Exercise requirements =
From the data below, copy exactly the lines that lie between the one holding "turns \<open>\<lambda> C_SR" and the one holding "by \<open>LambertWm1\<close>, which yields", including both, and nothing more.

■ ■ ■ ■ ■ ■ ■

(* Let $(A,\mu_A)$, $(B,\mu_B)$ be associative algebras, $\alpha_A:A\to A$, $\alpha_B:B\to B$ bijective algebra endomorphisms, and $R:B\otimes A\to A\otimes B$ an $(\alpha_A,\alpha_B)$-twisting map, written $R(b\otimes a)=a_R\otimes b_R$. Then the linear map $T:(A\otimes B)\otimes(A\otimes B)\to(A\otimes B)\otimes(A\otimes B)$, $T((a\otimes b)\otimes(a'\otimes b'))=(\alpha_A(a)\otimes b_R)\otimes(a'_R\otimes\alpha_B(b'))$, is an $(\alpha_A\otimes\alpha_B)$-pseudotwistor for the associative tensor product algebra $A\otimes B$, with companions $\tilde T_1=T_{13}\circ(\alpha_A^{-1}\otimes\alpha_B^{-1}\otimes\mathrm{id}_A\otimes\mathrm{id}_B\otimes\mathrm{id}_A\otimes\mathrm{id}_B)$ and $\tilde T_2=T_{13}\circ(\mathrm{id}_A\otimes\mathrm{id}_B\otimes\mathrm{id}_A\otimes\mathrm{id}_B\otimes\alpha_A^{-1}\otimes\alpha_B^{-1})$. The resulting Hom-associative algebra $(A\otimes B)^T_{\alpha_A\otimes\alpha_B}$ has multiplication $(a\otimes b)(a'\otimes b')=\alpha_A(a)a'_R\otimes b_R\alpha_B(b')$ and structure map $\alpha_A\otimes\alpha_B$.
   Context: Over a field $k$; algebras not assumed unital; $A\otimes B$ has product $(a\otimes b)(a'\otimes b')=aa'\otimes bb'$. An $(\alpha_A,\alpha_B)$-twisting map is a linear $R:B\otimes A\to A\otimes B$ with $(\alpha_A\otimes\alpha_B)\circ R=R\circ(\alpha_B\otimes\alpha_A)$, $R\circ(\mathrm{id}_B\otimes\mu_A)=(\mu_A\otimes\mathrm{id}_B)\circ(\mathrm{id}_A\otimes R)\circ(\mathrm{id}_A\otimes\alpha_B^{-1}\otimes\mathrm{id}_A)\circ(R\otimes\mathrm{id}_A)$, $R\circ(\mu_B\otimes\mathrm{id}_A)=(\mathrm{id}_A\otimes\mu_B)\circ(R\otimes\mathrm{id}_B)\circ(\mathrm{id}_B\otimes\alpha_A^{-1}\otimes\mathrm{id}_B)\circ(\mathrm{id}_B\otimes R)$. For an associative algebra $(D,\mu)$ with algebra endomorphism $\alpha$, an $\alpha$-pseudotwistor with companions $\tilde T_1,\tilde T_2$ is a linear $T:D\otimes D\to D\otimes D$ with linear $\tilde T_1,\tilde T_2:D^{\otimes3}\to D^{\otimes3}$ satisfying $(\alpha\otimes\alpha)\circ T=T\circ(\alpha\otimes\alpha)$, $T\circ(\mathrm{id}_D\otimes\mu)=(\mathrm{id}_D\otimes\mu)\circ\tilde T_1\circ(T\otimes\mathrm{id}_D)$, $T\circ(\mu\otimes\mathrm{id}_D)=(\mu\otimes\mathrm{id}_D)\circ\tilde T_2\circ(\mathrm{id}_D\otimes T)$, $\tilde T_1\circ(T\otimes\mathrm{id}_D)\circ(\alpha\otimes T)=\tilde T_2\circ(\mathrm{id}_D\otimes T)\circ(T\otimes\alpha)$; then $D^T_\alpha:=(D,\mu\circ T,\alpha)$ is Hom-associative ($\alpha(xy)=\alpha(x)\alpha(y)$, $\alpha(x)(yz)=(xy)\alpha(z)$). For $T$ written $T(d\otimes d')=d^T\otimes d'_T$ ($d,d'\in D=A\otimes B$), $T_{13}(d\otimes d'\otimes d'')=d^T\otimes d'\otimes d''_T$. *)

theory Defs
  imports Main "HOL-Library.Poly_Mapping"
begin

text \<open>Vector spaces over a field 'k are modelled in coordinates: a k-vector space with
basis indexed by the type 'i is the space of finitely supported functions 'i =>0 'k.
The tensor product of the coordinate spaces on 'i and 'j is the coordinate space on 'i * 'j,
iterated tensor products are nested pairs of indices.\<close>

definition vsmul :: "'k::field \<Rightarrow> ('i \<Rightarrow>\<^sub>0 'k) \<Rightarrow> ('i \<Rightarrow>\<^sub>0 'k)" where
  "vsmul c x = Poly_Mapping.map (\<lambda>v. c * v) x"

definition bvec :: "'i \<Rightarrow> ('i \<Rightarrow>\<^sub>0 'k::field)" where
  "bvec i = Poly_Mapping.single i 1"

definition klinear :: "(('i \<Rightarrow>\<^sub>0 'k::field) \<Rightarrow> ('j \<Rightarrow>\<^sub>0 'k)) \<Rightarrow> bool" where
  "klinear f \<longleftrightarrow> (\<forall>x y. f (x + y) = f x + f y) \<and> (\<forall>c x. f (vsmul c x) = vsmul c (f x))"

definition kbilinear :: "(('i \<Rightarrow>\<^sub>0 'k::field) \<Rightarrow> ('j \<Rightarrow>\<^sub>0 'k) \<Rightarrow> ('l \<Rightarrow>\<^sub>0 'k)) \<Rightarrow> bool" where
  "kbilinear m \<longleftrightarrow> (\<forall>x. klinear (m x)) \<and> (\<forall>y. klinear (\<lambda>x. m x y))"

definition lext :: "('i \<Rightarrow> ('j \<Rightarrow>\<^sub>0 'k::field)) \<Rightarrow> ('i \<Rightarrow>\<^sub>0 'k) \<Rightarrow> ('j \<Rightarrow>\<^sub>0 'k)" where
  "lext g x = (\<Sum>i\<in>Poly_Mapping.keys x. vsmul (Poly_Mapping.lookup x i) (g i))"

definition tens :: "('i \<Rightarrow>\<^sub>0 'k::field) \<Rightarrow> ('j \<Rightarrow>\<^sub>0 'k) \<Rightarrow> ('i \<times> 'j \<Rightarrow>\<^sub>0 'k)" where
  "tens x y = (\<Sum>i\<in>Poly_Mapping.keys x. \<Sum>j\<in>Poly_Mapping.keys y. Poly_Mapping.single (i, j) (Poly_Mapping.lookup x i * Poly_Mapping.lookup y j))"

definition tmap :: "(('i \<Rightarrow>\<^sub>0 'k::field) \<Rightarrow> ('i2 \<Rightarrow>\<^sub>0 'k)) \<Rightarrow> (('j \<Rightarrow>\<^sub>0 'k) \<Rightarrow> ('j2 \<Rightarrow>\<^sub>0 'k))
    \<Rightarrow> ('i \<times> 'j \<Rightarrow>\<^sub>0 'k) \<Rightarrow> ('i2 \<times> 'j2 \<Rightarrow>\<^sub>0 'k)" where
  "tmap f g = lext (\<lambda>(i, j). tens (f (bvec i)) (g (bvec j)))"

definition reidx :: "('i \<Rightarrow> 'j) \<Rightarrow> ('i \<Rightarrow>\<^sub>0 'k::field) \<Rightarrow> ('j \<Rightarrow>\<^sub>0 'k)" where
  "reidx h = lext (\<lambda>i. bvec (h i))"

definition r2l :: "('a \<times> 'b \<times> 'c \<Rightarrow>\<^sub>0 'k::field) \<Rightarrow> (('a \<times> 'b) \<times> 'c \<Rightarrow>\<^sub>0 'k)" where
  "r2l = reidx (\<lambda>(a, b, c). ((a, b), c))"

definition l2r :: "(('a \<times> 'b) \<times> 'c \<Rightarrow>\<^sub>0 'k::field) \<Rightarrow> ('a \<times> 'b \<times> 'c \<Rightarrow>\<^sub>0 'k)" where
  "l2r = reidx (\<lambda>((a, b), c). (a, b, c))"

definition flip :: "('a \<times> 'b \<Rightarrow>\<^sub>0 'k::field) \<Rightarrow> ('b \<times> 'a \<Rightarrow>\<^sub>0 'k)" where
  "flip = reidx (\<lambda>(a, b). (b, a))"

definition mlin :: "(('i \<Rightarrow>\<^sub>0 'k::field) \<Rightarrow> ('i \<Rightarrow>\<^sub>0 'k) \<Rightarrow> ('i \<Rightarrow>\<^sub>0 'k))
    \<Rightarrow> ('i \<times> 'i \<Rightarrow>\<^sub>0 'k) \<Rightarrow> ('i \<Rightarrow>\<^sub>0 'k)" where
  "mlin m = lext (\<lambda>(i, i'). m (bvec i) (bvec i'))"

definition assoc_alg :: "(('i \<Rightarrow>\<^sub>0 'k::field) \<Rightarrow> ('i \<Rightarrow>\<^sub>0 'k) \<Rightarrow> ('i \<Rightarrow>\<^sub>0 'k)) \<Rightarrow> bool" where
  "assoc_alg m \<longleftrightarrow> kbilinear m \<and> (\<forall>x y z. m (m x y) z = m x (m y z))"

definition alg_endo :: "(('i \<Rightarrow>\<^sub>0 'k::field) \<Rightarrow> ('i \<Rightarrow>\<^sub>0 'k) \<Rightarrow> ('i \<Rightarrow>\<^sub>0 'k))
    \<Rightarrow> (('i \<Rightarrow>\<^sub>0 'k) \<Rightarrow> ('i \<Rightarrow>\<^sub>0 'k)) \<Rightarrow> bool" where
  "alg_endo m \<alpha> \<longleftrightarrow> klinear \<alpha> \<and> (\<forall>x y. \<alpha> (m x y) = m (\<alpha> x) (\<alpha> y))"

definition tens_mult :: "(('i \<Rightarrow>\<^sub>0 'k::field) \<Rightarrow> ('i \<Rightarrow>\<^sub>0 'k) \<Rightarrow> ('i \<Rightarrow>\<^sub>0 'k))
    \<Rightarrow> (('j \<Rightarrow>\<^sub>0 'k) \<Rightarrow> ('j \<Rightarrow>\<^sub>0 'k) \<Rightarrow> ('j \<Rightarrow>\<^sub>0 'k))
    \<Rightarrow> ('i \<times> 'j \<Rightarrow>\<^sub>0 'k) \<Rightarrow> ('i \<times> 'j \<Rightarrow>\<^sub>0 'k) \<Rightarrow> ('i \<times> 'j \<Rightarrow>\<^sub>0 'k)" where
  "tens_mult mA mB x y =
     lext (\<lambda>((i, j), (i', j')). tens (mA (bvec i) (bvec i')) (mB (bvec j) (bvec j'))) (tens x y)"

■ ■ ■ ■ ■ ■ ■

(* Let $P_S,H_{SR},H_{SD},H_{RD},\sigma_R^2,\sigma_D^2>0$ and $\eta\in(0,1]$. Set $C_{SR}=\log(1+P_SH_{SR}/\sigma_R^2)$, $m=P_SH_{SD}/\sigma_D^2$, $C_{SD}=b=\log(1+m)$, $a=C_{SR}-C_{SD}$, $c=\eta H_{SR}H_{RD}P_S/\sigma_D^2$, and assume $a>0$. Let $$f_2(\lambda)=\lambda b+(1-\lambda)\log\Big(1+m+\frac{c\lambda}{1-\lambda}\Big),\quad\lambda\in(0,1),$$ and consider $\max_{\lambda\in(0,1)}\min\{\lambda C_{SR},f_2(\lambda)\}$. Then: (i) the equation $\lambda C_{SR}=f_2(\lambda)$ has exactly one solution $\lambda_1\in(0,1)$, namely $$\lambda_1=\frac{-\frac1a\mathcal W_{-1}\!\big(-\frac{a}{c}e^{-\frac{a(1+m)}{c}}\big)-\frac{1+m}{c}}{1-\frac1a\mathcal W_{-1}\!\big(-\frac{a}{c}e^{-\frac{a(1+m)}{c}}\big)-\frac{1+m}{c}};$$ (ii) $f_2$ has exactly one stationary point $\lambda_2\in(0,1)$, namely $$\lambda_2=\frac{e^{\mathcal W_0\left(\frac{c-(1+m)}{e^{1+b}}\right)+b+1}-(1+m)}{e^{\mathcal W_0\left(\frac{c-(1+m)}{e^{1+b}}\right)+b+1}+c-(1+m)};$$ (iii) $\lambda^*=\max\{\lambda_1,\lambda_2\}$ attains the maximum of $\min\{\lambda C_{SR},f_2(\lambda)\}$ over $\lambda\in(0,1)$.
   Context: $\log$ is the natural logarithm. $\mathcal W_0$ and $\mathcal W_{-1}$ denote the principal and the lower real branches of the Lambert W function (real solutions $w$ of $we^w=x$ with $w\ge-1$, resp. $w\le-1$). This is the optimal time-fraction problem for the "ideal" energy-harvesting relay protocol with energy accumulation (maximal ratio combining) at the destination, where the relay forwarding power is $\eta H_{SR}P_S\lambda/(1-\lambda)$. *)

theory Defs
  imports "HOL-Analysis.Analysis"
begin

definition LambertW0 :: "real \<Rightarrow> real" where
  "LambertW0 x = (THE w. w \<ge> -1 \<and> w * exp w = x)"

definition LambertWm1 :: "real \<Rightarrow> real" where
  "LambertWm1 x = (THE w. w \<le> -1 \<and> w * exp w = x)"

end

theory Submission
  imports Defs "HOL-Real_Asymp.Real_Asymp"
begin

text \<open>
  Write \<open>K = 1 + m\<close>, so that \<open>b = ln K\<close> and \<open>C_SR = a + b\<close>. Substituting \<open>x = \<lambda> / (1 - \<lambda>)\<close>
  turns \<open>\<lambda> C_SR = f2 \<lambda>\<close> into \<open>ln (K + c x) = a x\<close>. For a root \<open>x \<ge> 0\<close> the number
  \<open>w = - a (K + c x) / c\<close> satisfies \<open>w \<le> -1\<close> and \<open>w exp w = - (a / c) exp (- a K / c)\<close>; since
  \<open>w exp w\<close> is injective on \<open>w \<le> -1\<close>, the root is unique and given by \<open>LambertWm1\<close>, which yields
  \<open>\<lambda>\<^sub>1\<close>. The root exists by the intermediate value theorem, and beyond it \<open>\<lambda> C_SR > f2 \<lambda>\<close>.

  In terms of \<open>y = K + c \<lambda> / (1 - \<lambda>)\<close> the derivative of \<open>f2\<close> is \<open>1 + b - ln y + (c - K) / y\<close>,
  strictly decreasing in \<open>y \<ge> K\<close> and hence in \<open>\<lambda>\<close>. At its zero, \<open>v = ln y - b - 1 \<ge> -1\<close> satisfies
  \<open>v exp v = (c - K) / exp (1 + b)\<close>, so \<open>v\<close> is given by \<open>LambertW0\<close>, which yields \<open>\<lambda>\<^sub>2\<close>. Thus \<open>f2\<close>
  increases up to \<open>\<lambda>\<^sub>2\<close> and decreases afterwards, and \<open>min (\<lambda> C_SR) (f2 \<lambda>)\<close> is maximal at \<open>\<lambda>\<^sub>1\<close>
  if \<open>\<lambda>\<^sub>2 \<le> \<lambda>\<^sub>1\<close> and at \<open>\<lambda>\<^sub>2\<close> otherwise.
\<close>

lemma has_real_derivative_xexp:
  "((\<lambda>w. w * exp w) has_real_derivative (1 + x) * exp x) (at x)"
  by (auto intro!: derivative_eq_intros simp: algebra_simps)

■ ■ ■ ■ ■ ■ ■

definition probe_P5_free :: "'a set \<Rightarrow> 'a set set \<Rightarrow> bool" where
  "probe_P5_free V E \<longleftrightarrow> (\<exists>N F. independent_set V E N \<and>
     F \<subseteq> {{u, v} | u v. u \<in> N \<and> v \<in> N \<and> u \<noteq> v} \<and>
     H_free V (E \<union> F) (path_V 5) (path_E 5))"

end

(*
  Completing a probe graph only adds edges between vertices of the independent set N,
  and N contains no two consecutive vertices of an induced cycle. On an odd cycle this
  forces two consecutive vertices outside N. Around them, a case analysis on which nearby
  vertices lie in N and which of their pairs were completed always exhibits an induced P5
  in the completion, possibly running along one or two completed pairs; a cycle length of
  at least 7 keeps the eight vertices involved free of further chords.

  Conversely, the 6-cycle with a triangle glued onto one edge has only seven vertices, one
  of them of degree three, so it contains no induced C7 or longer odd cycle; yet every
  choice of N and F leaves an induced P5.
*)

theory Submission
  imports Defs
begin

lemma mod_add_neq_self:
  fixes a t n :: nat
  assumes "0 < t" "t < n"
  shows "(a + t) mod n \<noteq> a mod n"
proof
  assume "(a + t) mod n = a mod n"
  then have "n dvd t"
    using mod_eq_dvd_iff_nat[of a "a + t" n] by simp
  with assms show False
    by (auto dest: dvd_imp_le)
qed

■ ■ ■ ■ ■ ■ ■

Solution to this task =
  turns \<open>\<lambda> C_SR = f2 \<lambda>\<close> into \<open>ln (K + c x) = a x\<close>. For a root \<open>x \<ge> 0\<close> the number
  \<open>w = - a (K + c x) / c\<close> satisfies \<open>w \<le> -1\<close> and \<open>w exp w = - (a / c) exp (- a K / c)\<close>; since
  \<open>w exp w\<close> is injective on \<open>w \<le> -1\<close>, the root is unique and given by \<open>LambertWm1\<close>, which yields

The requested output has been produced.